How many of the lines below hold the string "definition"? Say only the number.

-- Recorded data --
%%

theory Submission
  imports Defs
begin

(* For submodules X \<subseteq> S of L, the smallness of S/X in
   L/X is, by the correspondence theorem, a statement about L itself: every submodule
   T \<supseteq> X with S + T = L equals L (predicate small_over).  Hence K beta* D in L means
   small_over L K (K + D) and small_over L D (K + D).

   Let X = (xR + N)/N be a cyclic submodule of M/N.  Since M is principally Goldie*-lifting,
   xR beta* D for some direct summand D of M.  Two facts finish the argument:
   (1) D is cyclic: if M = D \<oplus> D', then xR + D' = M, so D is generated by the
       D-component of x; by hypothesis (D + N)/N is therefore a direct summand of M/N;
   (2) beta* passes to quotients: K beta* D in M implies (K+N)/N beta* (D+N)/N in M/N,
       because small_over survives enlarging the submodule factored out and descends
       along M \<rightarrow> M/N (third isomorphism theorem). *)

text \<open>S/X is small in L/X, expressed inside L (for submodules X \<subseteq> S).\<close>
definition small_over :: "('r::ring_1, 'm) rmod \<Rightarrow> 'm set \<Rightarrow> 'm set \<Rightarrow> bool" where
  "small_over L X S \<longleftrightarrow>
     (\<forall>T. submodule L T \<and> X \<subseteq> T \<and> msum L S T = carrier L \<longrightarrow> T = carrier L)"

locale right_module =
  fixes L :: "('r::ring_1, 'm) rmod"
  assumes rmod: "rmodule L"
begin

abbreviation C where "C \<equiv> carrier L"
abbreviation ad (infixl "\<oplus>" 65) where "ad \<equiv> add L"
abbreviation z where "z \<equiv> zero L"
abbreviation sm (infixl "\<cdot>" 70) where "sm \<equiv> smult L"

lemma zero_closed [simp]: "z \<in> C"
  using rmod unfolding rmodule_def by auto
lemma add_closed [simp]: "x \<in> C \<Longrightarrow> y \<in> C \<Longrightarrow> x \<oplus> y \<in> C"
  using rmod unfolding rmodule_def by auto
lemma smult_closed [simp]: "x \<in> C \<Longrightarrow> x \<cdot> r \<in> C"
  using rmod unfolding rmodule_def by auto
lemma add_assoc: "x \<in> C \<Longrightarrow> y \<in> C \<Longrightarrow> w \<in> C \<Longrightarrow> (x \<oplus> y) \<oplus> w = x \<oplus> (y \<oplus> w)"
  using rmod unfolding rmodule_def by auto
lemma add_comm: "x \<in> C \<Longrightarrow> y \<in> C \<Longrightarrow> x \<oplus> y = y \<oplus> x"
  using rmod unfolding rmodule_def by auto
lemma add_lcomm: "x \<in> C \<Longrightarrow> y \<in> C \<Longrightarrow> w \<in> C \<Longrightarrow> x \<oplus> (y \<oplus> w) = y \<oplus> (x \<oplus> w)"
  by (metis add_assoc add_comm)
lemma zero_add [simp]: "x \<in> C \<Longrightarrow> z \<oplus> x = x"
  using rmod unfolding rmodule_def by auto
lemma add_zero [simp]: "x \<in> C \<Longrightarrow> x \<oplus> z = x"
  using add_comm zero_add zero_closed by metis
lemma smult_add_left: "x \<in> C \<Longrightarrow> y \<in> C \<Longrightarrow> (x \<oplus> y) \<cdot> r = x \<cdot> r \<oplus> y \<cdot> r"
  using rmod unfolding rmodule_def by auto
lemma smult_add_right: "x \<in> C \<Longrightarrow> x \<cdot> (r + s) = x \<cdot> r \<oplus> x \<cdot> s"
  using rmod unfolding rmodule_def by auto
lemma smult_mult: "x \<in> C \<Longrightarrow> x \<cdot> (r * s) = (x \<cdot> r) \<cdot> s"
  using rmod unfolding rmodule_def by auto
lemma smult_one [simp]: "x \<in> C \<Longrightarrow> x \<cdot> 1 = x"
  using rmod unfolding rmodule_def by auto

lemmas add_ac = add_assoc add_comm add_lcomm

lemma add_left_cancel:
  assumes "x \<in> C" "y \<in> C" "w \<in> C" "x \<oplus> y = x \<oplus> w" shows "y = w"
proof -
  have "\<exists>u\<in>C. x \<oplus> u = z"
    using rmod assms(1) unfolding rmodule_def by (elim conjE) (rule bspec)
  then obtain u where u: "u \<in> C" "x \<oplus> u = z" by blast
  have "(u \<oplus> x) \<oplus> y = (u \<oplus> x) \<oplus> w" using assms u by (simp add: add_assoc)
  thus ?thesis using u assms by (simp add: add_comm)
qed

lemma smult_zero [simp]: assumes "x \<in> C" shows "x \<cdot> 0 = z"
proof -
  have "x \<cdot> 0 \<oplus> x \<cdot> 0 = x \<cdot> 0 \<oplus> z" using smult_add_right[OF assms, of 0 0] assms by simp
  thus ?thesis using add_left_cancel assms by (metis smult_closed zero_closed)
qed

definition neg where "neg x = x \<cdot> (-1)"

lemma neg_closed [simp]: "x \<in> C \<Longrightarrow> neg x \<in> C"
  unfolding neg_def by simp
lemma add_neg [simp]: assumes "x \<in> C" shows "x \<oplus> neg x = z"
proof -
  have "x \<oplus> neg x = x \<cdot> (1 + -1)"
    using assms smult_add_right[OF assms, of 1 "-1"] by (simp add: neg_def)
  thus ?thesis using assms by simp
qed
lemma neg_add [simp]: "x \<in> C \<Longrightarrow> neg x \<oplus> x = z"
  using add_comm add_neg neg_closed by metis
lemma add_neg_cancel [simp]: "x \<in> C \<Longrightarrow> y \<in> C \<Longrightarrow> x \<oplus> (neg x \<oplus> y) = y"
  by (simp flip: add_assoc)
lemma neg_add_cancel [simp]: "x \<in> C \<Longrightarrow> y \<in> C \<Longrightarrow> neg x \<oplus> (x \<oplus> y) = y"
  by (simp flip: add_assoc)

subsection \<open>Submodules and their sums\<close>

lemma sub_carrier: "submodule L X \<Longrightarrow> X \<subseteq> C"
  unfolding submodule_def by blast
lemma sub_zero: "submodule L X \<Longrightarrow> z \<in> X"
  unfolding submodule_def by blast
lemma sub_add: "submodule L X \<Longrightarrow> x \<in> X \<Longrightarrow> y \<in> X \<Longrightarrow> x \<oplus> y \<in> X"
  unfolding submodule_def by blast
lemma sub_smult: "submodule L X \<Longrightarrow> x \<in> X \<Longrightarrow> x \<cdot> r \<in> X"
  unfolding submodule_def by blast
lemma sub_neg: "submodule L X \<Longrightarrow> x \<in> X \<Longrightarrow> neg x \<in> X"
  unfolding neg_def by (rule sub_smult)

text \<open>Closure under inverses is automatic: they are multiples by -1.\<close>
lemma submoduleI:
  assumes "X \<subseteq> C" "z \<in> X" "\<And>x y. x \<in> X \<Longrightarrow> y \<in> X \<Longrightarrow> x \<oplus> y \<in> X"
    "\<And>x r. x \<in> X \<Longrightarrow> x \<cdot> r \<in> X"
  shows "submodule L X"
  unfolding submodule_def using assms add_neg unfolding neg_def by (metis subsetD)

lemma submodule_carrier: "submodule L C"
  by (rule submoduleI) auto

lemma msum_submodule:
  assumes S: "submodule L S" and T: "submodule L T"
  shows "submodule L (msum L S T)"
proof (rule submoduleI)
  show "msum L S T \<subseteq> C"
    unfolding msum_def using sub_carrier[OF S] sub_carrier[OF T] add_closed by blast
  have "z = z \<oplus> z" by simp
  thus "z \<in> msum L S T" unfolding msum_def using sub_zero[OF S] sub_zero[OF T] by blast
next
  fix x y assume "x \<in> msum L S T" "y \<in> msum L S T"
  then obtain a b c d where abcd: "a \<in> S" "b \<in> T" "c \<in> S" "d \<in> T" "x = a \<oplus> b" "y = c \<oplus> d"
    unfolding msum_def by auto
  moreover have "a \<in> C" "b \<in> C" "c \<in> C" "d \<in> C"
    using abcd sub_carrier[OF S] sub_carrier[OF T] by auto
  ultimately have "x \<oplus> y = (a \<oplus> c) \<oplus> (b \<oplus> d)" by (simp add: add_ac)
  thus "x \<oplus> y \<in> msum L S T" unfolding msum_def using abcd sub_add[OF S] sub_add[OF T] by blast
next
  fix x r assume "x \<in> msum L S T"
  then obtain a b where ab: "a \<in> S" "b \<in> T" "x = a \<oplus> b" unfolding msum_def by auto
  moreover have "a \<in> C" "b \<in> C" using ab sub_carrier[OF S] sub_carrier[OF T] by auto
  ultimately have "x \<cdot> r = a \<cdot> r \<oplus> b \<cdot> r" using smult_add_left by auto
  thus "x \<cdot> r \<in> msum L S T" unfolding msum_def using ab sub_smult[OF S] sub_smult[OF T] by blast
qed

lemma msum_upper1: assumes "submodule L T" "S \<subseteq> C" shows "S \<subseteq> msum L S T"
proof
  fix x assume "x \<in> S"
  hence "x = x \<oplus> z" "x \<in> S" "z \<in> T" using assms sub_zero by auto
  thus "x \<in> msum L S T" unfolding msum_def by blast
qed

lemma msum_upper2: assumes "submodule L S" "T \<subseteq> C" shows "T \<subseteq> msum L S T"
proof
  fix x assume "x \<in> T"
  hence "x = z \<oplus> x" "x \<in> T" "z \<in> S" using assms sub_zero by auto
  thus "x \<in> msum L S T" unfolding msum_def by blast
qed

lemma msum_mono: "S \<subseteq> S' \<Longrightarrow> T \<subseteq> T' \<Longrightarrow> msum L S T \<subseteq> msum L S' T'"
  unfolding msum_def by blast

lemma msum_assoc_subset:
  assumes "S \<subseteq> C" "T \<subseteq> C" "U \<subseteq> C"
  shows "msum L (msum L S T) U \<subseteq> msum L S (msum L T U)"
proof
  fix w assume "w \<in> msum L (msum L S T) U"
  then obtain s t u where e: "s \<in> S" "t \<in> T" "u \<in> U" "w = (s \<oplus> t) \<oplus> u"
    unfolding msum_def by blast
  hence "w = s \<oplus> (t \<oplus> u)" using assms add_assoc by blast
  thus "w \<in> msum L S (msum L T U)" using e unfolding msum_def by blast
qed

lemma msum_least:
  assumes "submodule L V" "S \<subseteq> V" "T \<subseteq> V" shows "msum L S T \<subseteq> V"
  using assms sub_add unfolding msum_def by blast

text \<open>Regrouping used to move beta* from K, D to K + N, D + N:
  (N + K) + (N + D) \<subseteq> (K + D) + (N + Y) for every submodule Y.\<close>
lemma msum_regroup:
  assumes N: "submodule L N" and K: "submodule L K" and D: "submodule L D"
    and Y: "submodule L Y"
  shows "msum L (msum L N K) (msum L N D) \<subseteq> msum L (msum L K D) (msum L N Y)"
proof
  fix w assume "w \<in> msum L (msum L N K) (msum L N D)"
  then obtain n1 k n2 d where e: "n1 \<in> N" "k \<in> K" "n2 \<in> N" "d \<in> D"
    "w = (n1 \<oplus> k) \<oplus> (n2 \<oplus> d)" unfolding msum_def by blast
  have c: "n1 \<in> C" "k \<in> C" "n2 \<in> C" "d \<in> C"
    using e sub_carrier[OF N] sub_carrier[OF K] sub_carrier[OF D] by auto
  have "w = (k \<oplus> d) \<oplus> ((n1 \<oplus> n2) \<oplus> z)" using e(5) c by (simp add: add_ac)
  moreover have "k \<oplus> d \<in> msum L K D" using e unfolding msum_def by auto
  moreover have "(n1 \<oplus> n2) \<oplus> z \<in> msum L N Y"
    using e sub_add[OF N] sub_zero[OF Y] unfolding msum_def by blast
  ultimately show "w \<in> msum L (msum L K D) (msum L N Y)" unfolding msum_def by auto
qed

lemma cyc_submodule: assumes x: "x \<in> C" shows "submodule L (cyc L x)"
proof (rule submoduleI)
  show "cyc L x \<subseteq> C" unfolding cyc_def using x by auto
  have "z = x \<cdot> 0" using x by simp
  thus "z \<in> cyc L x" unfolding cyc_def by blast
next
  fix a b assume "a \<in> cyc L x" "b \<in> cyc L x"
  then obtain r s where "a = x \<cdot> r" "b = x \<cdot> s" unfolding cyc_def by auto
  hence "a \<oplus> b = x \<cdot> (r + s)" using smult_add_right x by simp
  thus "a \<oplus> b \<in> cyc L x" unfolding cyc_def by auto
next
  fix a r assume "a \<in> cyc L x"
  then obtain s where "a = x \<cdot> s" unfolding cyc_def by auto
  hence "a \<cdot> r = x \<cdot> (s * r)" using smult_mult x by simp
  thus "a \<cdot> r \<in> cyc L x" unfolding cyc_def by auto
qed

subsection \<open>Cosets and the quotient module\<close>

abbreviation Q where "Q X \<equiv> quot L X"
abbreviation cs where "cs X \<equiv> coset L X"

lemma coset_subset: "submodule L X \<Longrightarrow> x \<in> C \<Longrightarrow> cs X x \<subseteq> C"
  unfolding coset_def using sub_carrier[of X] by auto

lemma in_coset: "submodule L X \<Longrightarrow> x \<in> C \<Longrightarrow> x \<in> cs X x"
  unfolding coset_def using sub_zero add_zero by force

lemma coset_eq:
  assumes X: "submodule L X" and x: "x \<in> C" and y: "y \<in> cs X x"
  shows "cs X y = cs X x"
proof -
  obtain n where n: "n \<in> X" "y = x \<oplus> n" using y unfolding coset_def by auto
  have nC: "n \<in> C" using n X sub_carrier by auto
  show ?thesis
  proof
    show "cs X y \<subseteq> cs X x"
    proof
      fix w assume "w \<in> cs X y"
      then obtain m where m: "m \<in> X" "w = y \<oplus> m" unfolding coset_def by auto
      have "m \<in> C" using m X sub_carrier by auto
      hence "w = x \<oplus> (n \<oplus> m)" using m n nC x by (simp add: add_assoc)
      thus "w \<in> cs X x" using sub_add[OF X n(1) m(1)] unfolding coset_def by auto
    qed
  next
    show "cs X x \<subseteq> cs X y"
    proof
      fix w assume "w \<in> cs X x"
      then obtain m where m: "m \<in> X" "w = x \<oplus> m" unfolding coset_def by auto
      have "m \<in> C" using m X sub_carrier by auto
      hence "w = y \<oplus> (neg n \<oplus> m)" using m n nC x by (simp add: add_assoc)
      thus "w \<in> cs X y" using sub_add[OF X sub_neg[OF X n(1)] m(1)] unfolding coset_def by auto
    qed
  qed
qed

lemma coset_zero: "submodule L X \<Longrightarrow> cs X z = X"
  unfolding coset_def using sub_carrier by force

lemma coset_add_left: assumes X: "submodule L X" and x: "x \<in> C" and n: "n \<in> X"
  shows "cs X (n \<oplus> x) = cs X x"
proof -
  have "n \<in> C" using n sub_carrier[OF X] by blast
  hence "n \<oplus> x = x \<oplus> n" using x add_comm by blast
  hence "n \<oplus> x \<in> cs X x" using n unfolding coset_def by blast
  thus ?thesis using coset_eq[OF X x] by blast
qed

lemma coset_representative:
  assumes X: "submodule L X" and A: "A \<in> cs X ` C" and a: "a \<in> A"
  shows "a \<in> C \<and> A = cs X a"
proof -
  obtain b where b: "b \<in> C" "A = cs X b" using A by auto
  thus ?thesis using coset_eq[OF X b(1)] a coset_subset[OF X b(1)] by auto
qed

%%

-- Finished exercise --
2